> [EXERCISE BRIEF]
Write out, word for word, every line in the data below from the one containing "using assms(3) by simp" to the one containing "- (soft_thr \<epsilon> ((- \<epsilon> * sgn ((a", both of them included.

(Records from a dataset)
************
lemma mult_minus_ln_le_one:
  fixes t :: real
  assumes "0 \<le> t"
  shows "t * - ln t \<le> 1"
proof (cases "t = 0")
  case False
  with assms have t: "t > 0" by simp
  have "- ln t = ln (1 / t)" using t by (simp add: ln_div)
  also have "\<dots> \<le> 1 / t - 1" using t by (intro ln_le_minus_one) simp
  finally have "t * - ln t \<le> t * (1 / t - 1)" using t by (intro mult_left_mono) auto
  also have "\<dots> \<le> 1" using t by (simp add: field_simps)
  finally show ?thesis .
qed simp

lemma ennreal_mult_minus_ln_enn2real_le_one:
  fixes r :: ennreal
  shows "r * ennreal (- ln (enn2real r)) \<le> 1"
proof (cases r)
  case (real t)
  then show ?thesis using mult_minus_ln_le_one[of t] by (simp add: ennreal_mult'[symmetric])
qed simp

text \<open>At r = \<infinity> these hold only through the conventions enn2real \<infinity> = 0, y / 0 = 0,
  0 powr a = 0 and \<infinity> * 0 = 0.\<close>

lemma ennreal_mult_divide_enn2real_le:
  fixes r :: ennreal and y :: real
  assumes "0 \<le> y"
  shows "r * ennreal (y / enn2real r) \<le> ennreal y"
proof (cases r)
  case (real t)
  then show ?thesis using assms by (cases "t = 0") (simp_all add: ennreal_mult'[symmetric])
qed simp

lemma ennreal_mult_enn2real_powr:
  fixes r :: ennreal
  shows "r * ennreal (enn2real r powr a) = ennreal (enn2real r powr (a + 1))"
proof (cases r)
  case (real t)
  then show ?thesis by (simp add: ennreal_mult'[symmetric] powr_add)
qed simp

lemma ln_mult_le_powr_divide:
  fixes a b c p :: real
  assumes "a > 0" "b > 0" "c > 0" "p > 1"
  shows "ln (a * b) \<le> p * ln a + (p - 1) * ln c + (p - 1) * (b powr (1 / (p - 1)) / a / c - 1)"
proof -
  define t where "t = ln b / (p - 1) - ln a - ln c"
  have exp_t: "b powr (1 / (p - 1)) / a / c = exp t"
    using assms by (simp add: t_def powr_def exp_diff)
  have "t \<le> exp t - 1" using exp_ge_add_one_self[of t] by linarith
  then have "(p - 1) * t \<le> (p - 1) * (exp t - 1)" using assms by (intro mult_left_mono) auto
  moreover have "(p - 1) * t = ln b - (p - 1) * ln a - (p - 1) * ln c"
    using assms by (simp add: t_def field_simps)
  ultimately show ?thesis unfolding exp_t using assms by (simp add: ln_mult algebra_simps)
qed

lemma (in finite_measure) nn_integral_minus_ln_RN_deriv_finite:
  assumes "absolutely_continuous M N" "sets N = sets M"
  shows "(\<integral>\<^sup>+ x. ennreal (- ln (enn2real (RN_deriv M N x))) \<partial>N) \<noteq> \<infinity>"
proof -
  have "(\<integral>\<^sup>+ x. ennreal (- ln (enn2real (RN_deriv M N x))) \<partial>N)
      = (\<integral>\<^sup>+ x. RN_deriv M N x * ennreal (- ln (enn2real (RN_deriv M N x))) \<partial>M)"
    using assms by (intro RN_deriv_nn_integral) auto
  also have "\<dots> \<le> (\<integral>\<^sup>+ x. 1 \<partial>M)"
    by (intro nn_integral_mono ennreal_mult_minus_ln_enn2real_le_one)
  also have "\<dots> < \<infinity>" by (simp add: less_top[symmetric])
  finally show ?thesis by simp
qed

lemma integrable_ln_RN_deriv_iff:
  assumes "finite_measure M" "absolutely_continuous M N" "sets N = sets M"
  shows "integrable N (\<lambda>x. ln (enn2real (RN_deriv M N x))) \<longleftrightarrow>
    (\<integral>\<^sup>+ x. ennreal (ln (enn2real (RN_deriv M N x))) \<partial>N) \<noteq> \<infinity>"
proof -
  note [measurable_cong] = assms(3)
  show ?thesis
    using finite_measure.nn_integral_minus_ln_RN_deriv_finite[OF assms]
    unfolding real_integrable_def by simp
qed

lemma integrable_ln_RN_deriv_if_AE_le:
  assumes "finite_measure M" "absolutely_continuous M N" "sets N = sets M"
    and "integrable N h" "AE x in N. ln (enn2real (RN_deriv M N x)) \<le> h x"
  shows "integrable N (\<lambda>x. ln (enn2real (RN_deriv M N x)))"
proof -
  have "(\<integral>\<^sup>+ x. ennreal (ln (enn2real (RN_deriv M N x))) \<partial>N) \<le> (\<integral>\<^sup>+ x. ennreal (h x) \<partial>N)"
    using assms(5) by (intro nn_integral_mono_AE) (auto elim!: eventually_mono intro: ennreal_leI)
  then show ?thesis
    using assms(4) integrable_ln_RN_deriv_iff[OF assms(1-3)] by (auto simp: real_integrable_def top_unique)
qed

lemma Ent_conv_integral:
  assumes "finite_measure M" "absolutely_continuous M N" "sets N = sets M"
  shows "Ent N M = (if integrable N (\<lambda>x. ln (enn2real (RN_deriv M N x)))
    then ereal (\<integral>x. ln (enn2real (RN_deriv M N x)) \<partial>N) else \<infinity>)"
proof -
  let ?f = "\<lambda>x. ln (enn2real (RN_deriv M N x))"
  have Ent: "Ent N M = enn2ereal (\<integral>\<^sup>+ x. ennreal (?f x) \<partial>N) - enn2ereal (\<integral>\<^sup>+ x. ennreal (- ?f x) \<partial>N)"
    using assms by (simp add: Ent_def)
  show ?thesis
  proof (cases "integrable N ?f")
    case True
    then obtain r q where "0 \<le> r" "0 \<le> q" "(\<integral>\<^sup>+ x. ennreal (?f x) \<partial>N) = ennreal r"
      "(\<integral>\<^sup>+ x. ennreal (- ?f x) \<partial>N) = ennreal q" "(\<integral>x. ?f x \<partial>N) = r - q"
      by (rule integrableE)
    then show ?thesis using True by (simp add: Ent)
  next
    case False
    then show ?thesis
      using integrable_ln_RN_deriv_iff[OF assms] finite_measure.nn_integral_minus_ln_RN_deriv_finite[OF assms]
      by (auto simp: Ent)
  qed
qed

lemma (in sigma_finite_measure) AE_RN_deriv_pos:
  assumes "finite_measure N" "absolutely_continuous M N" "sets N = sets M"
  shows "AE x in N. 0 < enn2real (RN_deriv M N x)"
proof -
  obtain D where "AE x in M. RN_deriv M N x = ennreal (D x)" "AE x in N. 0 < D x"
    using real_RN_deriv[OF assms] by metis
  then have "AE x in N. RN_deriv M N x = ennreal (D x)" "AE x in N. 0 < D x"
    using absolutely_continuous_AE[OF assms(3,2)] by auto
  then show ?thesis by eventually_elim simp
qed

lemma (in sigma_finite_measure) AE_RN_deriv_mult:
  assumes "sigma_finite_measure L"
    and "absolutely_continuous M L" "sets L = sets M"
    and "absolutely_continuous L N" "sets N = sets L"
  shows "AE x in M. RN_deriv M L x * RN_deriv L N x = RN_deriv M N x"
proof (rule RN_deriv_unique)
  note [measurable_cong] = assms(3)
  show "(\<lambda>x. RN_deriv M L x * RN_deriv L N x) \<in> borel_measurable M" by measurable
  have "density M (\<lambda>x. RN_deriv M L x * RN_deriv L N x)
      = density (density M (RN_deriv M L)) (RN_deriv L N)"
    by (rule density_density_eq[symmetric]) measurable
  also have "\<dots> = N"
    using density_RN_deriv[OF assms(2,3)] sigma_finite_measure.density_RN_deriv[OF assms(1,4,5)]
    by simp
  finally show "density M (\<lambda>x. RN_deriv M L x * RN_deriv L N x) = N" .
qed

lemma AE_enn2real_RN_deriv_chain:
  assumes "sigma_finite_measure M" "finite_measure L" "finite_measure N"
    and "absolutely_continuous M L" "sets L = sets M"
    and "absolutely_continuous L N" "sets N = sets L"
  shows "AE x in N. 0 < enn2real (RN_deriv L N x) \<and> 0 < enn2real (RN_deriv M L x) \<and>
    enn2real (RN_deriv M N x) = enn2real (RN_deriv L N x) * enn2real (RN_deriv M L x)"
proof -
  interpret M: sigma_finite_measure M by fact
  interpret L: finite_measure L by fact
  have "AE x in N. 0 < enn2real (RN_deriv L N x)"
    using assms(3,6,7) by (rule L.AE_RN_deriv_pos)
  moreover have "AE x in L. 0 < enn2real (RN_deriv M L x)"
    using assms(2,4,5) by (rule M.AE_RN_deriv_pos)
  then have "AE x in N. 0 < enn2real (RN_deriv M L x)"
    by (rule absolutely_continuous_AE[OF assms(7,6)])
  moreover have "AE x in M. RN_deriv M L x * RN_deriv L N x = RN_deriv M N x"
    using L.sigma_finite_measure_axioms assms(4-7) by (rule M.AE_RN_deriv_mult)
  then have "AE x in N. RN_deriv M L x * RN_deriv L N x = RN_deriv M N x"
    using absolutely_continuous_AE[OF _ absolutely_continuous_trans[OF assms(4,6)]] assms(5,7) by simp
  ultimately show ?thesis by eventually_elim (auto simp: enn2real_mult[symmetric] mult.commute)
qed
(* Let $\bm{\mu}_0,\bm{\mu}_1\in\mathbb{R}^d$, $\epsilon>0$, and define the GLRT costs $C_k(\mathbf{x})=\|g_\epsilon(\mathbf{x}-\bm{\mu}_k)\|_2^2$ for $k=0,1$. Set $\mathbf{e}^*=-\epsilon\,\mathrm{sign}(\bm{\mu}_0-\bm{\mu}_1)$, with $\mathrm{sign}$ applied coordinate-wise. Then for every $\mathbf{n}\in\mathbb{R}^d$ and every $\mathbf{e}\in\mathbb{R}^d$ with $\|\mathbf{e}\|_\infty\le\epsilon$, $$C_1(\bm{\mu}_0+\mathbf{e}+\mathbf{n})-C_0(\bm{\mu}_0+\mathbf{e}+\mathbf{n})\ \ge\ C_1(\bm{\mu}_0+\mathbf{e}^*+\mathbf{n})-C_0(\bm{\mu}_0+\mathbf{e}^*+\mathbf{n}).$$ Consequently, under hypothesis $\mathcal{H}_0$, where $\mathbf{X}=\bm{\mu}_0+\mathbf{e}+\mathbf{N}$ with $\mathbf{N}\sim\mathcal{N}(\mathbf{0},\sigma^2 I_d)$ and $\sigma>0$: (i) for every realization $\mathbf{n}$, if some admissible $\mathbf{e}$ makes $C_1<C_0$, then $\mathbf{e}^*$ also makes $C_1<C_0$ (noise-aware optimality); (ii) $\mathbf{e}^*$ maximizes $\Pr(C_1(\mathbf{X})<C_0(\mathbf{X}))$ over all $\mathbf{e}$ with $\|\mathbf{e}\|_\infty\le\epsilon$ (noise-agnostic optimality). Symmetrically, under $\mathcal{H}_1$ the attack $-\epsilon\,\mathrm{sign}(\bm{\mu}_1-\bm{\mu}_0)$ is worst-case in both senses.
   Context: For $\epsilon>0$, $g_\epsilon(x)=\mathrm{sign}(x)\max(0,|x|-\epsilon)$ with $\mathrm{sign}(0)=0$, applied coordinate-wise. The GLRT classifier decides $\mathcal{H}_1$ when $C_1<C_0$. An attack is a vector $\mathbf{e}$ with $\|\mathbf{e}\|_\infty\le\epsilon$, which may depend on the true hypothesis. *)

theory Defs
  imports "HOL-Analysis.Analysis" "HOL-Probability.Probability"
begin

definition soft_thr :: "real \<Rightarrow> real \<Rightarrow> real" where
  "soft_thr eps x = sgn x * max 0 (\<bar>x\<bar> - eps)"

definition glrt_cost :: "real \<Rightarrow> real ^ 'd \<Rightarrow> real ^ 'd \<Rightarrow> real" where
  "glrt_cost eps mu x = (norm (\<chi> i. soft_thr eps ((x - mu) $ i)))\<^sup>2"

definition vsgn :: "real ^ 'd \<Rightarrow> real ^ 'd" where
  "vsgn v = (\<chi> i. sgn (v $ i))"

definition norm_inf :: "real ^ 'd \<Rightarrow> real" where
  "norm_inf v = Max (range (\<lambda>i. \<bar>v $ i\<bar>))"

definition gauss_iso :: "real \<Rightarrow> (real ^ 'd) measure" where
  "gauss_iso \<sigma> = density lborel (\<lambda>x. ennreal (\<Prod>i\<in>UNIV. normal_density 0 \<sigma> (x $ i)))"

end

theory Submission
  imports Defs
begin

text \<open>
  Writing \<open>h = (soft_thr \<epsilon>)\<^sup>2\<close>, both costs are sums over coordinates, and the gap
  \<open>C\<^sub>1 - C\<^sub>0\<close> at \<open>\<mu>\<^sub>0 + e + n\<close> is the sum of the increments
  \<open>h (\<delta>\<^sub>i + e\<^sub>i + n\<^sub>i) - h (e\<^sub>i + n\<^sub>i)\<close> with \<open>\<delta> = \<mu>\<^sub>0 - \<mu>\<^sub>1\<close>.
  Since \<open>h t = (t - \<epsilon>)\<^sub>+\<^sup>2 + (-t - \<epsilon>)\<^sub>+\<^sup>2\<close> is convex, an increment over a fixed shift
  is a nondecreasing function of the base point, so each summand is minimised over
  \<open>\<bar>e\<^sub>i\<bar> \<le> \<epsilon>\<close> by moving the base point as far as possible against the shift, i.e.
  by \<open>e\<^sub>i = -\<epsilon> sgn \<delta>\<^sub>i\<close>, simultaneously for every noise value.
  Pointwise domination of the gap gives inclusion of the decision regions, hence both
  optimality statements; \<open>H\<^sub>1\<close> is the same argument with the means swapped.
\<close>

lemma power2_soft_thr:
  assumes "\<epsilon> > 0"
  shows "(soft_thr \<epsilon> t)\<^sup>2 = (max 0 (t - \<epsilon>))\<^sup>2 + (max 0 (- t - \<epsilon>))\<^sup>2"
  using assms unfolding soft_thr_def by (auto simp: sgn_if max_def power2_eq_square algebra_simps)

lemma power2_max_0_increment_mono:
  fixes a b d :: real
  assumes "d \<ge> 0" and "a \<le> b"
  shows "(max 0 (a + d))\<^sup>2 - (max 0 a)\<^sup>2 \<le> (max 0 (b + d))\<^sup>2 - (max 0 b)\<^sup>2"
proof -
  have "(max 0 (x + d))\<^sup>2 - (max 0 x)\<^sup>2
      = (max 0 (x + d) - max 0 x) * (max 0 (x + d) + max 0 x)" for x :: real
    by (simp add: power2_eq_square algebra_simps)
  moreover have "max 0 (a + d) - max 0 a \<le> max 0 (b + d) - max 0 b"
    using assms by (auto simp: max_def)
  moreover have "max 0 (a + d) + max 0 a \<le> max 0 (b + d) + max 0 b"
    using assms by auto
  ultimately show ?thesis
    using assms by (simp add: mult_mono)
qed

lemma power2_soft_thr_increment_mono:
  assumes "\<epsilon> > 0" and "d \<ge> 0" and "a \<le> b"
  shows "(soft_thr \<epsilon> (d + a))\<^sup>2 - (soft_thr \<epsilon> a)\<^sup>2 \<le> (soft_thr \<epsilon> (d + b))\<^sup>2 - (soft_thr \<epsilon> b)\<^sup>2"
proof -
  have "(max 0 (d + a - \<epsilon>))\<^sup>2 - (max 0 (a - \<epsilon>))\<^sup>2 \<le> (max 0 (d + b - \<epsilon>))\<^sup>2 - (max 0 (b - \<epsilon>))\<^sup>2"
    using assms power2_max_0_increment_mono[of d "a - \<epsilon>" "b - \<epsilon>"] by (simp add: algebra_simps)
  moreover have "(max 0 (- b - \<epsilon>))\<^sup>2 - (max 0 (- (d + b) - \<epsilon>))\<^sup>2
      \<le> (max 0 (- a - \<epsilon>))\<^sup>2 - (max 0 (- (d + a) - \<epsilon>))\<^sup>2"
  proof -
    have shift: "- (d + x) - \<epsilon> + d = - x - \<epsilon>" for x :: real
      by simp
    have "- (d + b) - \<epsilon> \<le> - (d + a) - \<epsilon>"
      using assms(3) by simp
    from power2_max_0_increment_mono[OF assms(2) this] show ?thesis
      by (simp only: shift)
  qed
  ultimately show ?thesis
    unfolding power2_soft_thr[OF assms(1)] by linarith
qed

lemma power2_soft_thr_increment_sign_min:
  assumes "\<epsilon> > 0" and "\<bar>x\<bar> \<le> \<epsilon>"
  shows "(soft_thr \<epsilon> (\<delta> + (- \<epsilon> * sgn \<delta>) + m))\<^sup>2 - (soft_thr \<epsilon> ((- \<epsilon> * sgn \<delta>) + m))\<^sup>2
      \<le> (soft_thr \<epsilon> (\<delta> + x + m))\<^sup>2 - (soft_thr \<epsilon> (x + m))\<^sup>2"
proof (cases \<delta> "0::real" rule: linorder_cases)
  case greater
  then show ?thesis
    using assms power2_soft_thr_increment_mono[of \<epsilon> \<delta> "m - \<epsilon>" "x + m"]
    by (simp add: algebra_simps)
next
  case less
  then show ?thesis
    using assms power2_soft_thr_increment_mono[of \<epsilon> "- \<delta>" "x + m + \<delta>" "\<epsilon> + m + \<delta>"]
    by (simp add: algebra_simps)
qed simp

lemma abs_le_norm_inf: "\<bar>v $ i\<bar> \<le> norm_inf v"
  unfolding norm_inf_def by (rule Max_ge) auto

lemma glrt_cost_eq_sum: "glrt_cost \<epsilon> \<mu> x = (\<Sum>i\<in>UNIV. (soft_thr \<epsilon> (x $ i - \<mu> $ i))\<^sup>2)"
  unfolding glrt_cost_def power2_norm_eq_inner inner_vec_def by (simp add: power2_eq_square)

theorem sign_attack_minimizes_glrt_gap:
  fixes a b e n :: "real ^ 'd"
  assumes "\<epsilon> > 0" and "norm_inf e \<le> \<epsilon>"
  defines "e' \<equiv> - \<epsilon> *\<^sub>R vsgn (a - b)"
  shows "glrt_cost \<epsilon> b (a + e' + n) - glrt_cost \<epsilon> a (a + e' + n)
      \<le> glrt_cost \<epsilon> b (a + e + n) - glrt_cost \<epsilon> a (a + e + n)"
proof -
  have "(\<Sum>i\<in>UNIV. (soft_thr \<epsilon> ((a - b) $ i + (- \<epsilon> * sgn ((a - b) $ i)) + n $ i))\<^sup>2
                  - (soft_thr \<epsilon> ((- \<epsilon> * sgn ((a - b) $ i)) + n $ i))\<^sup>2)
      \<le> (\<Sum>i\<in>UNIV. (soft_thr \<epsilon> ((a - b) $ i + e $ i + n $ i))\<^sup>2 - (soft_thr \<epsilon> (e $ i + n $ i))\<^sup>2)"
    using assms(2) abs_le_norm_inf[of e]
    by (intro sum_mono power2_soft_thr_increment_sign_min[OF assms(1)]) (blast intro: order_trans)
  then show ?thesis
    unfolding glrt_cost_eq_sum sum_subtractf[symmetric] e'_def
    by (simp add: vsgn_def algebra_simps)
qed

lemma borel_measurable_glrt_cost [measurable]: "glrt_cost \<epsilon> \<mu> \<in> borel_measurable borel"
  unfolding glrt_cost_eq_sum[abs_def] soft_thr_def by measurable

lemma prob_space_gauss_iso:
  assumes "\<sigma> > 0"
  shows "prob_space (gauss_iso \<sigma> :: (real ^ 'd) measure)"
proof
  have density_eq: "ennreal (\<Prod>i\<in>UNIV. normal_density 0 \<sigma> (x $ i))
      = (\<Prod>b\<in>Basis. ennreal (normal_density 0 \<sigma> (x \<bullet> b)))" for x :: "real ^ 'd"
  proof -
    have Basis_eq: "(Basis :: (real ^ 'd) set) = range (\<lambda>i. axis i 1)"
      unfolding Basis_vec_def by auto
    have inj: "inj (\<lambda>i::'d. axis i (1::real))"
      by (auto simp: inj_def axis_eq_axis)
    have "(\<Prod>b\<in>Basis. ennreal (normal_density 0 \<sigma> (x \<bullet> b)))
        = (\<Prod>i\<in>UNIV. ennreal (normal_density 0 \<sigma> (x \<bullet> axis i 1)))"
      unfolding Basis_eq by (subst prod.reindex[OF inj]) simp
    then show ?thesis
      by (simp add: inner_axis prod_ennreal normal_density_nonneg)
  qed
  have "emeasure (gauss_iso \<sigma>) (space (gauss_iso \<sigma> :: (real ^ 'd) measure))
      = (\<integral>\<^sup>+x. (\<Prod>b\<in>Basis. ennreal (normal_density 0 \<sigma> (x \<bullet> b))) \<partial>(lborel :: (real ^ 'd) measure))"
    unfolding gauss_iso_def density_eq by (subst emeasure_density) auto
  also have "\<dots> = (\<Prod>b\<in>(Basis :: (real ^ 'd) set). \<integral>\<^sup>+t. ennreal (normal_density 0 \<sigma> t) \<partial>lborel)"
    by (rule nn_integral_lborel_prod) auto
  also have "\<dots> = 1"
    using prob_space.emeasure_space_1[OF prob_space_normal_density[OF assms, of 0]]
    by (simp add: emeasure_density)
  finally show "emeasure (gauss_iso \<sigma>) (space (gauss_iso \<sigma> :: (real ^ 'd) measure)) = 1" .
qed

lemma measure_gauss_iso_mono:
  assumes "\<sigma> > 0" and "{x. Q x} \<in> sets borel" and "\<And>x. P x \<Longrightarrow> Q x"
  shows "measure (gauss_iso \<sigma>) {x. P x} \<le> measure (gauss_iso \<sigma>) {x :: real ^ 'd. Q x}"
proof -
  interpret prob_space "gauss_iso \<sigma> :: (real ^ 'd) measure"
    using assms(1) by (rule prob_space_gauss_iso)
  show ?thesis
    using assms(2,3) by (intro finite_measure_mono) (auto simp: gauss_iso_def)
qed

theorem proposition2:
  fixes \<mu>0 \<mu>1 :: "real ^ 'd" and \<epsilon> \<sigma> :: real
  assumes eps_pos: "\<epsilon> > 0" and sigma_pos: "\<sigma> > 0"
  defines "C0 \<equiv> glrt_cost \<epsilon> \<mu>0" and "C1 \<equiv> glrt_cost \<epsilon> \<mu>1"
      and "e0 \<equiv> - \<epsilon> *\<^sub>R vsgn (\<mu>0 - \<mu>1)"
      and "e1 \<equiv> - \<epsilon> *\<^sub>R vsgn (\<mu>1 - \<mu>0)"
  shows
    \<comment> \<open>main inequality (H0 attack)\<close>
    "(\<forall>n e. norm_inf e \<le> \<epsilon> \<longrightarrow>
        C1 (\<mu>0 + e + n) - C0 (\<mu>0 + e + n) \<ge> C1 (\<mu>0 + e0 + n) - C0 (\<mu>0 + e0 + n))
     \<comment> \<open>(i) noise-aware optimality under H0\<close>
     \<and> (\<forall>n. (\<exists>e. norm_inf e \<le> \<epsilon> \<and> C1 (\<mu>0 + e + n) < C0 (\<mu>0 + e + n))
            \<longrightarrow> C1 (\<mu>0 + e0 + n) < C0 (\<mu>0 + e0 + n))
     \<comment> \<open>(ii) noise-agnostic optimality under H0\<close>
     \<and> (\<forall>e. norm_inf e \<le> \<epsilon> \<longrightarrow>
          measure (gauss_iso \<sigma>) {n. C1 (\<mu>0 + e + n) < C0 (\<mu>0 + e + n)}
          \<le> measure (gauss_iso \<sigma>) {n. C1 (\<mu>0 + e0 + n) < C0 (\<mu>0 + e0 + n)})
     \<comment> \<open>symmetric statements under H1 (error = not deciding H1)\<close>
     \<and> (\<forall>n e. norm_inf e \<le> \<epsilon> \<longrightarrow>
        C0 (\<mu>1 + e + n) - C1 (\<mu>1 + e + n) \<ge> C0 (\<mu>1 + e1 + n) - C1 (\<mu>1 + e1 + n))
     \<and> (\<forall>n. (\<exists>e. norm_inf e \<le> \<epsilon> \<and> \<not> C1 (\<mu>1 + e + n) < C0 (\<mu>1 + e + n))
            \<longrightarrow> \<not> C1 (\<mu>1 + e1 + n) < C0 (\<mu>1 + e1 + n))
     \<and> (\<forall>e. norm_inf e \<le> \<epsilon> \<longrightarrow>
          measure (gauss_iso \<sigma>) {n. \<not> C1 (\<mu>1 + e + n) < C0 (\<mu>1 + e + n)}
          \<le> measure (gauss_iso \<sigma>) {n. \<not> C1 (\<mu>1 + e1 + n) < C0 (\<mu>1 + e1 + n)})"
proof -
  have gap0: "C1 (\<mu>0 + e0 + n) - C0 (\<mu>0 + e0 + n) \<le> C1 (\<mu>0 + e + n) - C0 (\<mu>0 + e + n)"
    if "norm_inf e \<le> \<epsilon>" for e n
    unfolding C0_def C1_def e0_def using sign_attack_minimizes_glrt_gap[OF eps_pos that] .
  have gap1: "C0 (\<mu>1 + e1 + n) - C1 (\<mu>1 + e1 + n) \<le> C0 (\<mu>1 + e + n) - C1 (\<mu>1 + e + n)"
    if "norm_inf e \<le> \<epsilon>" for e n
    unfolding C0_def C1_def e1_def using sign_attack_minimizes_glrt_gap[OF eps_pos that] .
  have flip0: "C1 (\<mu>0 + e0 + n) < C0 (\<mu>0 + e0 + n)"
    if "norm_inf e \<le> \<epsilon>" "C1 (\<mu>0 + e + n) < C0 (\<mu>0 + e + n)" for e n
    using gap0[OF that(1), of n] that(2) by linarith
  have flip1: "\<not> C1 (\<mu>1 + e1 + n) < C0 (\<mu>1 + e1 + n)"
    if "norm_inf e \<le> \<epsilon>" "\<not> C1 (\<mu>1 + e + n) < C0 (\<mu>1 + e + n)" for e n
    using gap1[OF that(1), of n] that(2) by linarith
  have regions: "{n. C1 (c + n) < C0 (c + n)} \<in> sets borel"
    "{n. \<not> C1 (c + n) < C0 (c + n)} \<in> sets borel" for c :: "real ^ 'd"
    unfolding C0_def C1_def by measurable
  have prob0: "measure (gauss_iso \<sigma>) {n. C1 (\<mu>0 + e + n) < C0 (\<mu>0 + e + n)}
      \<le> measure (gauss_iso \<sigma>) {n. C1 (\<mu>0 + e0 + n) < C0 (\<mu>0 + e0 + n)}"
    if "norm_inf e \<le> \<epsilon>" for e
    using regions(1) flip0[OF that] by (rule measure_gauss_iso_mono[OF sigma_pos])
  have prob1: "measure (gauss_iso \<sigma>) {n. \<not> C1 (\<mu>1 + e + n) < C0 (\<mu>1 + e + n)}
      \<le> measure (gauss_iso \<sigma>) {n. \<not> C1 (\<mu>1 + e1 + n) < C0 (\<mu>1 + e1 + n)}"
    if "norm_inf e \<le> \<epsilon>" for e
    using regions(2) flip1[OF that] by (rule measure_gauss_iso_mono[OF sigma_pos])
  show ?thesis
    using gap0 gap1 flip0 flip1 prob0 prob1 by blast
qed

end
************
> [ANSWER SECTION]
      using assms(3) by simp
    from power2_max_0_increment_mono[OF assms(2) this] show ?thesis
      by (simp only: shift)
  qed
  ultimately show ?thesis
    unfolding power2_soft_thr[OF assms(1)] by linarith
qed

lemma power2_soft_thr_increment_sign_min:
  assumes "\<epsilon> > 0" and "\<bar>x\<bar> \<le> \<epsilon>"
  shows "(soft_thr \<epsilon> (\<delta> + (- \<epsilon> * sgn \<delta>) + m))\<^sup>2 - (soft_thr \<epsilon> ((- \<epsilon> * sgn \<delta>) + m))\<^sup>2
      \<le> (soft_thr \<epsilon> (\<delta> + x + m))\<^sup>2 - (soft_thr \<epsilon> (x + m))\<^sup>2"
proof (cases \<delta> "0::real" rule: linorder_cases)
  case greater
  then show ?thesis
    using assms power2_soft_thr_increment_mono[of \<epsilon> \<delta> "m - \<epsilon>" "x + m"]
    by (simp add: algebra_simps)
next
  case less
  then show ?thesis
    using assms power2_soft_thr_increment_mono[of \<epsilon> "- \<delta>" "x + m + \<delta>" "\<epsilon> + m + \<delta>"]
    by (simp add: algebra_simps)
qed simp

lemma abs_le_norm_inf: "\<bar>v $ i\<bar> \<le> norm_inf v"
  unfolding norm_inf_def by (rule Max_ge) auto

lemma glrt_cost_eq_sum: "glrt_cost \<epsilon> \<mu> x = (\<Sum>i\<in>UNIV. (soft_thr \<epsilon> (x $ i - \<mu> $ i))\<^sup>2)"
  unfolding glrt_cost_def power2_norm_eq_inner inner_vec_def by (simp add: power2_eq_square)

theorem sign_attack_minimizes_glrt_gap:
  fixes a b e n :: "real ^ 'd"
  assumes "\<epsilon> > 0" and "norm_inf e \<le> \<epsilon>"
  defines "e' \<equiv> - \<epsilon> *\<^sub>R vsgn (a - b)"
  shows "glrt_cost \<epsilon> b (a + e' + n) - glrt_cost \<epsilon> a (a + e' + n)
      \<le> glrt_cost \<epsilon> b (a + e + n) - glrt_cost \<epsilon> a (a + e + n)"
proof -
  have "(\<Sum>i\<in>UNIV. (soft_thr \<epsilon> ((a - b) $ i + (- \<epsilon> * sgn ((a - b) $ i)) + n $ i))\<^sup>2
                  - (soft_thr \<epsilon> ((- \<epsilon> * sgn ((a - b) $ i)) + n $ i))\<^sup>2)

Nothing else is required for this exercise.